The authors declare no conflict of interest.

Figures

**Figure 1**
Study methodology. (A) In vivo experiments. C57 ApoE^−/− mice were placed on CD or HFD; the latter were treated with PG545 in two doses, SST0001 or NS. C57 WT mice were placed on either CD or HFD. Mice were then sacrificed, and blood, livers, and MPMs were collected for analysis. (B) In vitro experiments. MPMs were collected from C57 ApoE^−/− mice, treated with PG545 or SST0001 and tested for lipid content and beta-oxidation of lipids.

**Figure 2**
Effect of heparanase inhibition on liver steatosis. H&E, Oil-Red-O, and Masson’s Trichrome stainings of liver sections from E₀ mice on CD (A–C), E₀ mice on HFD (D–F), E₀ mice on HFD and PG545 low dose (G–I), E₀ mice on HFD and PG545 high dose (J–L), and E₀ mice on HFD and SST0001 (M–O).

**Figure 3**
Effect of SST0001 on liver histology. Immunoflourescent staining of liver sections with macrophages marker (F4/80 antibody) and wheat germ agglutinin (WGA, a carbohydrate-binding lectin) showing granuloma-like structures.

**Figure 4**
Effect of heparanase inhibitors on lipid uptake in macrophages.

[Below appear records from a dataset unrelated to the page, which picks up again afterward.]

(* Let $(X,\tau_X)$ be a locally compact space and $(Y,\mathcal{V})$ a Hausdorff uniform space. Equip $\mathcal{C}(X,Y)$, the set of continuous point-compact multifunctions from $X$ to $Y$, with the topology of uniform convergence $\tau_{uc}$. A subfamily $\mathcal{F}\subset\mathcal{C}(X,Y)$ is relatively $\tau_{uc}$-compact if and only if (AA1) $\mathcal{F}$ is pointwise relatively compact and equicontinuous, and (AA2) $\mathcal{F}$ satisfies the finite extension property.
   Context: A multifunction $f:X\to Y$ assigns to each $x$ a nonempty $f(x)\subset Y$; it is point-compact if each $f(x)$ is compact. For $V\subset Y\times Y$, $V[a]=\{w:(a,w)\in V\}$, $V[A]=\bigcup_{a\in A}V[a]$, $f(A)=\bigcup_{a\in A}f(a)$; entourages are taken symmetric. $f$ is upper semi-continuous if for each $x$ and open $W\supset f(x)$ there is an open $U_x\ni x$ with $f(U_x)\subset W$; lower semi-continuous if for each $x$ and open $W$ with $f(x)\cap W\neq\emptyset$ there is an open $U_x\ni x$ with $f(u)\cap W\neq\emptyset$ for all $u\in U_x$; continuous if both. For $V\in\mathcal{V}$ let $$V^{\dagger}=\{(f,g):\ \forall x\in X\ \forall y\in f(x)\ \forall z\in g(x):\ (\{y\}\times g(x))\cap V\neq\emptyset,\ (f(x)\times\{z\})\cap V\neq\emptyset\};$$ the sets $V^\dagger$ form a base of the uniformity of uniform convergence, which induces $\tau_{uc}$. The uniformity of pointwise convergence $\mathcal{W}_{pc}$ on $\mathcal{F}$ has subbase the sets defined like $V^\dagger$ but with the quantifier over $x$ replaced by a single fixed $x\in X$ (for $x\in X$, $V\in\mathcal{V}$). $\mathcal{F}$ is pointwise relatively compact if $\bigcup\{f(x):f\in\mathcal{F}\}$ is relatively compact in $Y$ for every $x\in X$. $\mathcal{F}$ is equicontinuous if for every $x\in X$ and $V\in\mathcal{V}$ there is an open $U_x\ni x$ such that for all $f\in\mathcal{F}$: $f(U_x)\subset V[f(x)]$, and $f(u)\cap V[y]\neq\emptyset$ for all $u\in U_x$, $y\in f(x)$. $\mathcal{F}$ satisfies the finite extension property if for every $V\in\mathcal{V}$ there is $W\in\mathcal{W}_{pc}$ (on $\mathcal{F}$) with $W\subset V^\dagger\cap(\mathcal{F}\times\mathcal{F})$. Relatively $\tau_{uc}$-compact means the $\tau_{uc}$-closure of $\mathcal{F}$ in $\mathcal{C}(X,Y)$ is compact. *)

theory Defs
  imports "HOL-Analysis.Analysis"
begin

text \<open>Multifunctions from X (a topological type) to Y (a uniform type) are
  functions of type 'a => 'b set.  Entourages are taken symmetric.\<close>

definition entourage :: "('b::uniform_space \<times> 'b) set \<Rightarrow> bool" where
  "entourage V \<longleftrightarrow> (\<forall>\<^sub>F p in uniformity. p \<in> V) \<and> (\<forall>a b. (a, b) \<in> V \<longrightarrow> (b, a) \<in> V)"

definition usc :: "('a::topological_space \<Rightarrow> 'b::topological_space set) \<Rightarrow> bool" where
  "usc f \<longleftrightarrow> (\<forall>x W. open W \<and> f x \<subseteq> W \<longrightarrow>
      (\<exists>U. open U \<and> x \<in> U \<and> (\<forall>u\<in>U. f u \<subseteq> W)))"

definition lsc :: "('a::topological_space \<Rightarrow> 'b::topological_space set) \<Rightarrow> bool" where
  "lsc f \<longleftrightarrow> (\<forall>x W. open W \<and> f x \<inter> W \<noteq> {} \<longrightarrow>
      (\<exists>U. open U \<and> x \<in> U \<and> (\<forall>u\<in>U. f u \<inter> W \<noteq> {})))"

definition mcont :: "('a::topological_space \<Rightarrow> 'b::topological_space set) set" where
  "mcont = {f. (\<forall>x. f x \<noteq> {} \<and> compact (f x)) \<and> usc f \<and> lsc f}"

text \<open>The relation at a single point x (subbase of the pointwise uniformity).\<close>
definition pdagger :: "'a \<Rightarrow> ('b \<times> 'b) set \<Rightarrow> (('a \<Rightarrow> 'b set) \<times> ('a \<Rightarrow> 'b set)) set" where
  "pdagger x V = {(f, g). \<forall>y\<in>f x. \<forall>z\<in>g x.
      ({y} \<times> g x) \<inter> V \<noteq> {} \<and> (f x \<times> {z}) \<inter> V \<noteq> {}}"

text \<open>V-dagger: base of the uniformity of uniform convergence.\<close>
definition udagger :: "('b \<times> 'b) set \<Rightarrow> (('a \<Rightarrow> 'b set) \<times> ('a \<Rightarrow> 'b set)) set" where
  "udagger V = {(f, g). \<forall>x. \<forall>y\<in>f x. \<forall>z\<in>g x.
      ({y} \<times> g x) \<inter> V \<noteq> {} \<and> (f x \<times> {z}) \<inter> V \<noteq> {}}"

lemma udagger_mono: "V \<subseteq> W \<Longrightarrow> udagger V \<subseteq> udagger W"
  unfolding udagger_def by blast

lemma entourage_Int: "entourage V \<Longrightarrow> entourage W \<Longrightarrow> entourage (V \<inter> W)"
  unfolding entourage_def by (auto intro: eventually_conj)

lemma entourage_UNIV: "entourage UNIV"
  unfolding entourage_def by auto

definition uc_open :: "('a::topological_space \<Rightarrow> 'b::uniform_space set) set \<Rightarrow> bool" where
  "uc_open U \<longleftrightarrow> U \<subseteq> mcont \<and>
     (\<forall>f\<in>U. \<exists>V. entourage V \<and> {g\<in>mcont. (f, g) \<in> udagger V} \<subseteq> U)"

lemma istopology_uc_open: "istopology uc_open"
  unfolding istopology_def
proof safe
  fix S T :: "('a \<Rightarrow> 'b set) set"
  assume S: "uc_open S" and T: "uc_open T"
  show "uc_open (S \<inter> T)"
    unfolding uc_open_def
  proof safe
    show "x \<in> mcont" if "x \<in> S" for x using S that unfolding uc_open_def by blast
  next
    fix f assume f: "f \<in> S" "f \<in> T"
    obtain V1 where V1: "entourage V1" "{g\<in>mcont. (f, g) \<in> udagger V1} \<subseteq> S"
      using S f unfolding uc_open_def by blast
    obtain V2 where V2: "entourage V2" "{g\<in>mcont. (f, g) \<in> udagger V2} \<subseteq> T"
      using T f unfolding uc_open_def by blast
    have "{g\<in>mcont. (f, g) \<in> udagger (V1 \<inter> V2)} \<subseteq> S \<inter> T"
      using V1(2) V2(2) udagger_mono[of "V1 \<inter> V2" V1] udagger_mono[of "V1 \<inter> V2" V2] by blast
    then show "\<exists>V. entourage V \<and> {g\<in>mcont. (f, g) \<in> udagger V} \<subseteq> S \<inter> T"
      using entourage_Int[OF V1(1) V2(1)] by blast
  qed
next
  fix K :: "('a \<Rightarrow> 'b set) set set"
  assume K: "\<forall>S\<in>K. uc_open S"
  show "uc_open (\<Union>K)"
    unfolding uc_open_def
  proof safe
    fix f S assume "f \<in> S" "S \<in> K"
    then show "f \<in> mcont" using K unfolding uc_open_def by blast
  next
    fix f S assume fS: "f \<in> S" "S \<in> K"
    then obtain V where "entourage V" "{g\<in>mcont. (f, g) \<in> udagger V} \<subseteq> S"
      using K unfolding uc_open_def by blast
    then show "\<exists>V. entourage V \<and> {g\<in>mcont. (f, g) \<in> udagger V} \<subseteq> \<Union>K"
      using fS by blast
  qed
qed

definition tau_uc :: "('a::topological_space \<Rightarrow> 'b::uniform_space set) topology" where
  "tau_uc = topology uc_open"

definition pointwise_relcompact :: "('a \<Rightarrow> 'b::topological_space set) set \<Rightarrow> bool" where
  "pointwise_relcompact F \<longleftrightarrow> (\<forall>x. compact (closure (\<Union>f\<in>F. f x)))"

definition equicontinuous :: "('a::topological_space \<Rightarrow> 'b::uniform_space set) set \<Rightarrow> bool" where
  "equicontinuous F \<longleftrightarrow> (\<forall>x V. entourage V \<longrightarrow>
     (\<exists>U. open U \<and> x \<in> U \<and> (\<forall>f\<in>F.
        (\<forall>u\<in>U. f u \<subseteq> V `` f x) \<and> (\<forall>u\<in>U. \<forall>y\<in>f x. f u \<inter> V `` {y} \<noteq> {}))))"

text \<open>Finite extension property: every V-dagger (restricted to F x F) contains
  a member of the pointwise uniformity on F, i.e. contains a finite
  intersection of subbasic sets pdagger x W (restricted to F x F).\<close>
definition finite_extension :: "('a::topological_space \<Rightarrow> 'b::uniform_space set) set \<Rightarrow> bool" where
  "finite_extension F \<longleftrightarrow> (\<forall>V. entourage V \<longrightarrow>
     (\<exists>P. finite P \<and> (\<forall>(x, W)\<in>P. entourage W) \<and>
        {(f, g). f \<in> F \<and> g \<in> F \<and> (\<forall>(x, W)\<in>P. (f, g) \<in> pdagger x W)} \<subseteq> udagger V))"

end

theory Submission
  imports Defs
begin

Cholesterol, LDL-C, HDL-C, and TG serum levels (A–D), TG and cholesterol content in the liver (E,F), TG and cholesterol in MPMs in vivo (G,H), and liver enzymes in serum (I,J). * p < 0.05, ** p < 0.01 and *** p < 0.001.

**Figure 5**
Effect of heparanase inhibitors on lipid metabolism in the liver. mRNA expression of lipid metabolism pathway markers in liver (A–H). * p < 0.05, ** p < 0.01, *** p < 0.001.

**Figure 6**
Effect of heparanase inhibitors on macrophage lipid uptake and inflammation (in vitro). TC and TG content (A,B), mRNA expression of inflammation markers (C–E) and lipid uptake and metabolism markers (F–N). (*) as compared to Control. (#) as compared to PG545. * p < 0.05, ** p < 0.01, *** p < 0.001. # p < 0.05, ## p < 0.01.

**Figure 7**
Effect of heparanase inhibition on lipid oxidation (A–D), inflammatory stress (E–G) and autophagy (H,I) in the liver. * p < 0.05, ** p < 0.01, *** p < 0.001.

**Figure 8**
Effect of heparanase inhibtion on liver fibrosis. * p < 0.05, ** p < 0.01, *** p < 0.001.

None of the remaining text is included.